(* Let $d\geq 3$ and let $A\in\mathrm{Sym}^d(\mathbb{R}^n)$ be an orthogonal tensor. Then $n=1$ or $n=2$. Moreover, for $n=2$ the orthogonal tensors in $\mathrm{Sym}^d(\mathbb{R}^2)$ are exactly the tensors $(\rho,\dots,\rho)\cdot A_0$ with $\rho\in O(2)$, where $A_0$ is the symmetric tensor with entries \[ (A_0)_{i_1\dots i_d}=\begin{cases}(-1)^k & \text{if }\#\{j: i_j=2\}=2k,\\ 0&\text{otherwise.}\end{cases} \] Equivalently, these are the tensors associated with the forms $\rho^*\mathrm{Ch}_{d,2}$, $\rho\in O(2)$.
   Context: Orthogonal tensors: \begin{itemize} \item For a tensor $A\in\otimes_{j=1}^d\mathbb{R}^n$ and $u\in\mathbb{R}^n$, the contraction $A\times_j u$ is the order-$(d-1)$ tensor $\big(\sum_{i_j}a_{i_1\dots i_j\dots i_d}u_{i_j}\big)$. \item An $n\times n$ matrix ($d=2$) is orthogonal in the usual sense. \item For $d\geq 3$, an $n^d$-tensor $A$ is orthogonal if $A\times_j u$ is orthogonal for every $j=1,\dots,d$ and every unit vector $u\in\mathbb{R}^n$. \end{itemize} The group $O(n)\times\cdots\times O(n)$ acts by \[ \big((\rho^{(1)},\dots,\rho^{(d)})\cdot A\big)_{i_1\dots i_d}=\sum_{j_1,\dots,j_d}\rho^{(1)}_{i_1j_1}\cdots\rho^{(d)}_{i_dj_d}a_{j_1\dots j_d}. \] The binary Chebyshev form is $\mathrm{Ch}_{d,2}(x_1,x_2)=\sum_{k=0}^{\lfloor d/2\rfloor}\binom{d}{2k}(-1)^kx_1^{d-2k}x_2^{2k}$. For a form $p$ and $\rho\in O(2)$, $(\rho^*p)(x)=p(\rho^{-1}x)$. The symmetric tensor $A$ associated with a form $p$ satisfies $p(x)=\langle A,x\otimes\cdots\otimes x\rangle_F$. *)

theory Defs
  imports "HOL-Analysis.Analysis"
begin
text \<open>On the unit circle \<open>cnj z = 1 / z\<close>, so each term of \<open>poly q (cnj z)\<close> times \<open>poly p z\<close> is a
  polynomial in \<open>z\<close> or the conjugate of one, which has the same real part.\<close>

lemma Re_poly_mult_poly_cnj_on_circle:
  "\<exists>r. \<forall>z\<in>sphere (0::complex) 1. Re (poly p z * poly q (cnj z)) = Re (poly r z)"
proof (induction q arbitrary: p)
  case 0
  show ?case by (auto intro: exI[of _ 0])
next
  case (pCons c q)
  obtain p0 p1 where p: "p = pCons p0 p1" by (cases p)
  obtain r1 where r1: "\<forall>z\<in>sphere (0::complex) 1. Re (poly p1 z * poly q (cnj z)) = Re (poly r1 z)"
    using pCons.IH by blast
  define r where "r = smult c p + smult (cnj p0) (pCons 0 (map_poly cnj q)) + r1"
  have "Re (poly p z * poly (pCons c q) (cnj z)) = Re (poly r z)" if z: "z \<in> sphere 0 1" for z
  proof -
    define Q where "Q = poly q (cnj z)"
    have "cnj z * z = 1" using z complex_norm_square[of z] by (simp add: mult.commute)
    then have "poly p z * poly (pCons c q) (cnj z) = c * poly p z + cnj (cnj p0 * z * cnj Q) + poly p1 z * Q"
      by (simp add: p Q_def algebra_simps)
    then have "Re (poly p z * poly (pCons c q) (cnj z)) =
               Re (c * poly p z) + Re (cnj p0 * z * cnj Q) + Re (poly p1 z * Q)"
      by (simp only: plus_complex.sel cnj.sel)
    also have "cnj p0 * z * cnj Q = poly (smult (cnj p0) (pCons 0 (map_poly cnj q))) z"
      by (simp add: Q_def)
    also have "Re (poly p1 z * Q) = Re (poly r1 z)" using r1 z by (simp add: Q_def)
    finally show ?thesis by (simp add: r_def)
  qed
  then show ?case by blast
qed

lemma Re_poly_mult_Re_poly_on_circle:
  "\<exists>r. \<forall>z\<in>sphere (0::complex) 1. Re (poly p z) * Re (poly q z) = Re (poly r z)"
proof -
  obtain r1 where r1: "\<forall>z\<in>sphere (0::complex) 1.
      Re (poly p z * poly (map_poly cnj q) (cnj z)) = Re (poly r1 z)"
    using Re_poly_mult_poly_cnj_on_circle by blast
  have "Re (poly p z) * Re (poly q z) = Re (poly (smult (1/2) (p * q + r1)) z)"
    if z: "z \<in> sphere 0 1" for z
  proof -
    have "Re (poly p z) * Re (poly q z) = (Re (poly p z * poly q z) + Re (poly p z * cnj (poly q z))) / 2"
      by (simp add: algebra_simps)
    also have "cnj (poly q z) = poly (map_poly cnj q) (cnj z)" by simp
    also have "Re (poly p z * poly (map_poly cnj q) (cnj z)) = Re (poly r1 z)" using r1 z by blast
    finally show ?thesis by simp
  qed
  then show ?thesis by blast
qed

definition circle_Re_polys :: "(complex \<Rightarrow> real) set" where
  "circle_Re_polys =
     {f. continuous_on (sphere 0 1) f \<and> (\<exists>p. \<forall>z\<in>sphere 0 1. f z = Re (poly p z))}"

lemma function_ring_on_circle_Re_polys: "function_ring_on circle_Re_polys (sphere 0 1)"
proof
  show "compact (sphere (0::complex) 1)" by simp
  show "continuous_on (sphere 0 1) f" if "f \<in> circle_Re_polys" for f
    using that by (simp add: circle_Re_polys_def)
  show "(\<lambda>x. f x + g x) \<in> circle_Re_polys" if fg: "f \<in> circle_Re_polys" "g \<in> circle_Re_polys" for f g
  proof -
    obtain p q where "\<forall>z\<in>sphere 0 1. f z = Re (poly p z)" "\<forall>z\<in>sphere 0 1. g z = Re (poly q z)"
      using fg by (auto simp: circle_Re_polys_def)
    then have "\<forall>z\<in>sphere 0 1. f z + g z = Re (poly (p + q) z)" by simp
    moreover have "continuous_on (sphere 0 1) (\<lambda>x. f x + g x)"
      using fg by (auto simp: circle_Re_polys_def intro!: continuous_intros)
    ultimately show ?thesis unfolding circle_Re_polys_def by blast
  qed
  show "(\<lambda>x. f x * g x) \<in> circle_Re_polys" if fg: "f \<in> circle_Re_polys" "g \<in> circle_Re_polys" for f g
  proof -
    obtain p q where pq: "\<forall>z\<in>sphere 0 1. f z = Re (poly p z)" "\<forall>z\<in>sphere 0 1. g z = Re (poly q z)"
      using fg by (auto simp: circle_Re_polys_def)
    obtain r where "\<forall>z\<in>sphere (0::complex) 1. Re (poly p z) * Re (poly q z) = Re (poly r z)"
      using Re_poly_mult_Re_poly_on_circle by blast
    with pq have "\<forall>z\<in>sphere 0 1. f z * g z = Re (poly r z)" by simp
    moreover have "continuous_on (sphere 0 1) (\<lambda>x. f x * g x)"
      using fg by (auto simp: circle_Re_polys_def intro!: continuous_intros)
    ultimately show ?thesis unfolding circle_Re_polys_def by blast
  qed
  show "(\<lambda>_. c) \<in> circle_Re_polys" for c
    unfolding circle_Re_polys_def by (auto intro!: exI[of _ "[:of_real c:]"])
  show "\<exists>f\<in>circle_Re_polys. f x \<noteq> f y" if "x \<noteq> y" for x y
  proof -
    have "(\<lambda>z. Re z) \<in> circle_Re_polys"
      unfolding circle_Re_polys_def by (auto intro!: exI[of _ "[:0, 1:]"] continuous_intros)
    moreover have "(\<lambda>z. Im z) \<in> circle_Re_polys"
      unfolding circle_Re_polys_def by (auto intro!: exI[of _ "[:0, -\<i>:]"] continuous_intros)
    ultimately show ?thesis using that complex_eqI by metis
  qed
qed

lemma Re_poly_approx_on_circle:
  assumes V: "continuous_on (sphere 0 1) V" and e: "e > 0"
  obtains p where "\<forall>z\<in>sphere 0 1. \<bar>V z - Re (poly p z)\<bar> < e"
proof -
  obtain F where F: "F \<in> UNIV \<rightarrow> circle_Re_polys" and lim: "uniform_limit (sphere 0 1) F V sequentially"
    using function_ring_on.Stone_Weierstrass[OF function_ring_on_circle_Re_polys V] by blast
  obtain n where n: "\<forall>z\<in>sphere 0 1. dist (F n z) (V z) < e"
    using eventually_sequentially[THEN iffD1, OF uniform_limitD[OF lim e]] by blast
  obtain p where "\<forall>z\<in>sphere 0 1. F n z = Re (poly p z)"
    using F by (auto simp: circle_Re_polys_def)
  with n show ?thesis by (intro that[of p]) (auto simp: dist_real_def abs_minus_commute)
qed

__Task prompt__
From the entries above, extract every line where the word "define" appears.

__Result of the task__
  define r where "r = smult c p + smult (cnj p0) (pCons 0 (map_poly cnj q)) + r1"
    define Q where "Q = poly q (cnj z)"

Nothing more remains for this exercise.